• **TASK DESCRIPTION**:
This exercise calls for every line of the data below with the string "assms" in it.

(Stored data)
#####

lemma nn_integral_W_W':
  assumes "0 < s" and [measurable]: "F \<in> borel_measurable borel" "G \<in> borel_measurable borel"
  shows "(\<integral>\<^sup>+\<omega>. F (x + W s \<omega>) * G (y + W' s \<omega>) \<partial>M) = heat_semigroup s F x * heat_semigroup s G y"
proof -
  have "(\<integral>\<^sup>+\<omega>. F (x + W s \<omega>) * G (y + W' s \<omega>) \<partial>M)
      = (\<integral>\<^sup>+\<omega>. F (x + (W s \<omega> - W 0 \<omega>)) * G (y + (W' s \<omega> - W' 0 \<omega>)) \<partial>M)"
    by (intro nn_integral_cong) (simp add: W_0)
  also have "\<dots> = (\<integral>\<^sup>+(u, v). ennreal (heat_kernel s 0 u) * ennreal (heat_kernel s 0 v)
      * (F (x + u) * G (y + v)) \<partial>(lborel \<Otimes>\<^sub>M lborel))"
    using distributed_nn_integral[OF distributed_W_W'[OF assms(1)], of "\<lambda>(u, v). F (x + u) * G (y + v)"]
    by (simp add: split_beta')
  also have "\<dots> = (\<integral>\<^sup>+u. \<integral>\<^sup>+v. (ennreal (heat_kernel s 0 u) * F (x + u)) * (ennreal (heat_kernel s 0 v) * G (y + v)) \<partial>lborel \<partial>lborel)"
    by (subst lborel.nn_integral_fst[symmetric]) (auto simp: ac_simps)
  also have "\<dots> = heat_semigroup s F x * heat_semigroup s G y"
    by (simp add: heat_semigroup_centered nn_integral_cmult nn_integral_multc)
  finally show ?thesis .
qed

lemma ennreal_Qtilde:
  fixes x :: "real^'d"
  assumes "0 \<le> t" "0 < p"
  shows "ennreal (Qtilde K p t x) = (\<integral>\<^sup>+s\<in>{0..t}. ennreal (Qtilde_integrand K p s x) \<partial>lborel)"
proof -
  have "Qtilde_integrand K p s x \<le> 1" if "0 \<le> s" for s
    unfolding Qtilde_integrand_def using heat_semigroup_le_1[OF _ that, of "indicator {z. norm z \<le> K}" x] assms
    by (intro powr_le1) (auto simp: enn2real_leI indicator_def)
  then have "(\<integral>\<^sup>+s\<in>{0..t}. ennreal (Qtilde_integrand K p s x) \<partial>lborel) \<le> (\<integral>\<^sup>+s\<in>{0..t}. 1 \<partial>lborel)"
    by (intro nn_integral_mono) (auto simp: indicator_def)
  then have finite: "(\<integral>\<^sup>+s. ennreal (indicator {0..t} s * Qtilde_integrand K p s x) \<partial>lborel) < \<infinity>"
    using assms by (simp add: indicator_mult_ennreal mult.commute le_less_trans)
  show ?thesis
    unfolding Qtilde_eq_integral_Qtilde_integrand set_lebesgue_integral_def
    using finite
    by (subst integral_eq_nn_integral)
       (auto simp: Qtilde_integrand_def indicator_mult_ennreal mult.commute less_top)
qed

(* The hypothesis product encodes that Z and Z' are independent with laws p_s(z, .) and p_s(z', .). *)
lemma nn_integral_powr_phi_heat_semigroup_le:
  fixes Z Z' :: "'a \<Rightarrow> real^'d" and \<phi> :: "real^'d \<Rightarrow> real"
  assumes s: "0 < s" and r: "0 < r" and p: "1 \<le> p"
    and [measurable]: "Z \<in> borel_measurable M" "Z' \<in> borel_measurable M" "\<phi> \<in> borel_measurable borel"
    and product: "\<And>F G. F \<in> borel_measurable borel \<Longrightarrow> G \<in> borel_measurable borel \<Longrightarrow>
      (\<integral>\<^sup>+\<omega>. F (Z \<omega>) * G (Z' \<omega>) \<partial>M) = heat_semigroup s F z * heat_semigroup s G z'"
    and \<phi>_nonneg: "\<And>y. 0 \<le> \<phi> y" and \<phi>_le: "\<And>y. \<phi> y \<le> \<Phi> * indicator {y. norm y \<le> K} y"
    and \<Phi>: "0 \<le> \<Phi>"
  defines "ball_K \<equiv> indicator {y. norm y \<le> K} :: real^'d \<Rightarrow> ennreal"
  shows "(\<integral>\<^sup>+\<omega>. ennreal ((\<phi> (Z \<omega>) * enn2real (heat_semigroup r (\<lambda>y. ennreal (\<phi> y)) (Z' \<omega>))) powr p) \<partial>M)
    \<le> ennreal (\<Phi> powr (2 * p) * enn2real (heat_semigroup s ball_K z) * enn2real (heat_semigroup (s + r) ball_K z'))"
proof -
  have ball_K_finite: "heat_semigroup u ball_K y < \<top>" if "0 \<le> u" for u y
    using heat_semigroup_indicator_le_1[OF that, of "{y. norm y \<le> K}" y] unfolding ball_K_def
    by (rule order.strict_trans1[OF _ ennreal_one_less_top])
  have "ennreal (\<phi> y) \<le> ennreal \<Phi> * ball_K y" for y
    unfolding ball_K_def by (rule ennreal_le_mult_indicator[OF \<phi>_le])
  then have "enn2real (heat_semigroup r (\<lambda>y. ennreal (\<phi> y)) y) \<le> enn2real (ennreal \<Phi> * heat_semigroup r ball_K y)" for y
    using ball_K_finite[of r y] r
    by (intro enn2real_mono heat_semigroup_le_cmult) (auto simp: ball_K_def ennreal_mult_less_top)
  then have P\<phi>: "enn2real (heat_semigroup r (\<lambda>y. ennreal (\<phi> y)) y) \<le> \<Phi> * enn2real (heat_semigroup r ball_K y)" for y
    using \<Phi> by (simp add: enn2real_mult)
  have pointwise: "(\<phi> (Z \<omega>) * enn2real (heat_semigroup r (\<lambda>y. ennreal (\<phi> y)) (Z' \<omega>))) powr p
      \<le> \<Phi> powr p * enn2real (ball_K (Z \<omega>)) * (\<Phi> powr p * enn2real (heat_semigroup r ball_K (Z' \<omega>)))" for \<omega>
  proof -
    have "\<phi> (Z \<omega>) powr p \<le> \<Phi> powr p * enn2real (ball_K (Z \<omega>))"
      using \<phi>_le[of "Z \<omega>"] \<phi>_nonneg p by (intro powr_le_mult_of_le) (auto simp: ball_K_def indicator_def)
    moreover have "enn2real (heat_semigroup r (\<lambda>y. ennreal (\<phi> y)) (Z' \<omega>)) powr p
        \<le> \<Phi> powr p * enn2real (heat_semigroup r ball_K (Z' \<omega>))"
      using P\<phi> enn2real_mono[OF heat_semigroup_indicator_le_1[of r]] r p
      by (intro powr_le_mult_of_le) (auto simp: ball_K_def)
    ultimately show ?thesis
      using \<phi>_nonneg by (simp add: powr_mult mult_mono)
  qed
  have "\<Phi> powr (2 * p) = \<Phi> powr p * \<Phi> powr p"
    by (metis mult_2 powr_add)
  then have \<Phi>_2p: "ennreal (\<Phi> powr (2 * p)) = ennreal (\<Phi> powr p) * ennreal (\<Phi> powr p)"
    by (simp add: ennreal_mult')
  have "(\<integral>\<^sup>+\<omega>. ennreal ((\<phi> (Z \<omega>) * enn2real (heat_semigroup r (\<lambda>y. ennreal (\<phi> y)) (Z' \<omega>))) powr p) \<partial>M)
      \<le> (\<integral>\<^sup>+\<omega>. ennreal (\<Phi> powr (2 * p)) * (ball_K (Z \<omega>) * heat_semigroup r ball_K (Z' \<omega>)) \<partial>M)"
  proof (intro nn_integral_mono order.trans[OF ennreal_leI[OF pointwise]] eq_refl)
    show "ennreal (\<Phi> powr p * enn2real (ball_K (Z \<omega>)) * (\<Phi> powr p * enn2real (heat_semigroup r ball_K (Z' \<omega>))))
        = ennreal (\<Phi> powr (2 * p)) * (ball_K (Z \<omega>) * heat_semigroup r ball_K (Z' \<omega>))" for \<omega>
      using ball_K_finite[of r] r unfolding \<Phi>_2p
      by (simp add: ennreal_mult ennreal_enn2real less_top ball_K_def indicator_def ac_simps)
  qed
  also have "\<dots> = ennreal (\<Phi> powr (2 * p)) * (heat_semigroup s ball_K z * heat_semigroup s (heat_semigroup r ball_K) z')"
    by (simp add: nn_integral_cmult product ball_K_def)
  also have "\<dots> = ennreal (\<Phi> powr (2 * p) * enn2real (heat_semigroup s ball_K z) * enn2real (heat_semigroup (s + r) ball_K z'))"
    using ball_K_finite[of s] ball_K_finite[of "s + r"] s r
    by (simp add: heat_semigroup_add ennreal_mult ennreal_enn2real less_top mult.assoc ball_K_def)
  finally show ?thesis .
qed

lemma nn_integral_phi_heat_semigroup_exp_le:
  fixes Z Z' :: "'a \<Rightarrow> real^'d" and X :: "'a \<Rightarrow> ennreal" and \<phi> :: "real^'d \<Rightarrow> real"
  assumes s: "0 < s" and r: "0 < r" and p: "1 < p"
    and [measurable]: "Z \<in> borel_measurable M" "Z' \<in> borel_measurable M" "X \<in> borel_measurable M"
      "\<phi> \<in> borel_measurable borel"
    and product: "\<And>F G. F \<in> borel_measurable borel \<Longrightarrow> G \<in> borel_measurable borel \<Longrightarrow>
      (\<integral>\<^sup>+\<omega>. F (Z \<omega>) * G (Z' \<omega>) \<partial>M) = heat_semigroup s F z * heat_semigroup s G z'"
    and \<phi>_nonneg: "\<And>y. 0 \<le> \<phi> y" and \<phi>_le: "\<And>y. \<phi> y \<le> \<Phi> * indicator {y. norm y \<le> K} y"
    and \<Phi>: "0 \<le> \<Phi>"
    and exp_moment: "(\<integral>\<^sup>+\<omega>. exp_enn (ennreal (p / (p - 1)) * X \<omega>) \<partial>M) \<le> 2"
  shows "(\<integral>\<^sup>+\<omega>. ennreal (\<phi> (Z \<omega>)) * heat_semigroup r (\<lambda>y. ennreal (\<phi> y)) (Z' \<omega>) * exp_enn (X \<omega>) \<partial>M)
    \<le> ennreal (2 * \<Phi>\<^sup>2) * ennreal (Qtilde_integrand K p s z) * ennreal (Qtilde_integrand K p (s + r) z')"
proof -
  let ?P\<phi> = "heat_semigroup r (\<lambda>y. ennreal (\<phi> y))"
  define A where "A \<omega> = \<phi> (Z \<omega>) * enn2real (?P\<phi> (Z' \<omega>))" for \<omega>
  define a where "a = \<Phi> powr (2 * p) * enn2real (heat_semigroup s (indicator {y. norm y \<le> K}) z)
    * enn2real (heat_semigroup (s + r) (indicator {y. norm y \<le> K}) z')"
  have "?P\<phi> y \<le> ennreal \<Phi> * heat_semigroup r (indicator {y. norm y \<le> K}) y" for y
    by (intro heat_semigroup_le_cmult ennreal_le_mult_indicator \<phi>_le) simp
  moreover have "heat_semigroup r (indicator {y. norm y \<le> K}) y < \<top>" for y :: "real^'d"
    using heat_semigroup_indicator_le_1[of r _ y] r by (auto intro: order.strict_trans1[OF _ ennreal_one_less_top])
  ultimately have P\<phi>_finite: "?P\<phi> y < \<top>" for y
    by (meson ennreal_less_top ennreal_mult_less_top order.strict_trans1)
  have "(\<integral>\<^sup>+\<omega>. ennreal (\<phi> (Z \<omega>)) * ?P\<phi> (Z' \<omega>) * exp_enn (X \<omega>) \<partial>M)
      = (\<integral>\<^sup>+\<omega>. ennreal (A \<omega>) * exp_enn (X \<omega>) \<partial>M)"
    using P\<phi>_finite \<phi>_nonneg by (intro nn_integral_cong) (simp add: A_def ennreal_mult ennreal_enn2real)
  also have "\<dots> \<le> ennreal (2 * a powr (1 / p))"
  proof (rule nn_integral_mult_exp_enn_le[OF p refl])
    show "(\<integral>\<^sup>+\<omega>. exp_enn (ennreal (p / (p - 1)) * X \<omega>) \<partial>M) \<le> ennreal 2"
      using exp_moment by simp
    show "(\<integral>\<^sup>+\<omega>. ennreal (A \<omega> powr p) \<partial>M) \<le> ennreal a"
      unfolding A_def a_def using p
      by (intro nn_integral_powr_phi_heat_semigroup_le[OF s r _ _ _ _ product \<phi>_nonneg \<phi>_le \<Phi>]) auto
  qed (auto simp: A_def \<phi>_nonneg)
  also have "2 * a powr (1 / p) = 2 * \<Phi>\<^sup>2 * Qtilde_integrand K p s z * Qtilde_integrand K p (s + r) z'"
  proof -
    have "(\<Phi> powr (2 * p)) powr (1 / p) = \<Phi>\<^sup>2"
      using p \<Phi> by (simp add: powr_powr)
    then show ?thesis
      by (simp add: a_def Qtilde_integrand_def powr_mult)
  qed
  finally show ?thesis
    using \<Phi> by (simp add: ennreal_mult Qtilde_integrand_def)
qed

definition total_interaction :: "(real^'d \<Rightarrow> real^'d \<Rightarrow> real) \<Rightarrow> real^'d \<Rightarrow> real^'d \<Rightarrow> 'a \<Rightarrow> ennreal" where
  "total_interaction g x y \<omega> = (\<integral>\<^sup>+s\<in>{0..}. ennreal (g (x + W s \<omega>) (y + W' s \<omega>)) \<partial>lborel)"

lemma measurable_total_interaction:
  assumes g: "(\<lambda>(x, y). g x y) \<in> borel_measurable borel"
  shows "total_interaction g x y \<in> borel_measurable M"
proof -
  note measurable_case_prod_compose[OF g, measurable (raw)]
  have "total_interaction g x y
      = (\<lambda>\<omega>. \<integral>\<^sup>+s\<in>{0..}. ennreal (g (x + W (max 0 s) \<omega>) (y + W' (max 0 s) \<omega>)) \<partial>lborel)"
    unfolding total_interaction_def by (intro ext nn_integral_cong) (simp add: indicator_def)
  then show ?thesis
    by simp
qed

#####

• **EXPECTED OUTPUT**:
    using distributed_nn_integral[OF distributed_W_W'[OF assms(1)], of "\<lambda>(u, v). F (x + u) * G (y + v)"]
    unfolding Qtilde_integrand_def using heat_semigroup_le_1[OF _ that, of "indicator {z. norm z \<le> K}" x] assms
    using assms by (simp add: indicator_mult_ennreal mult.commute le_less_trans)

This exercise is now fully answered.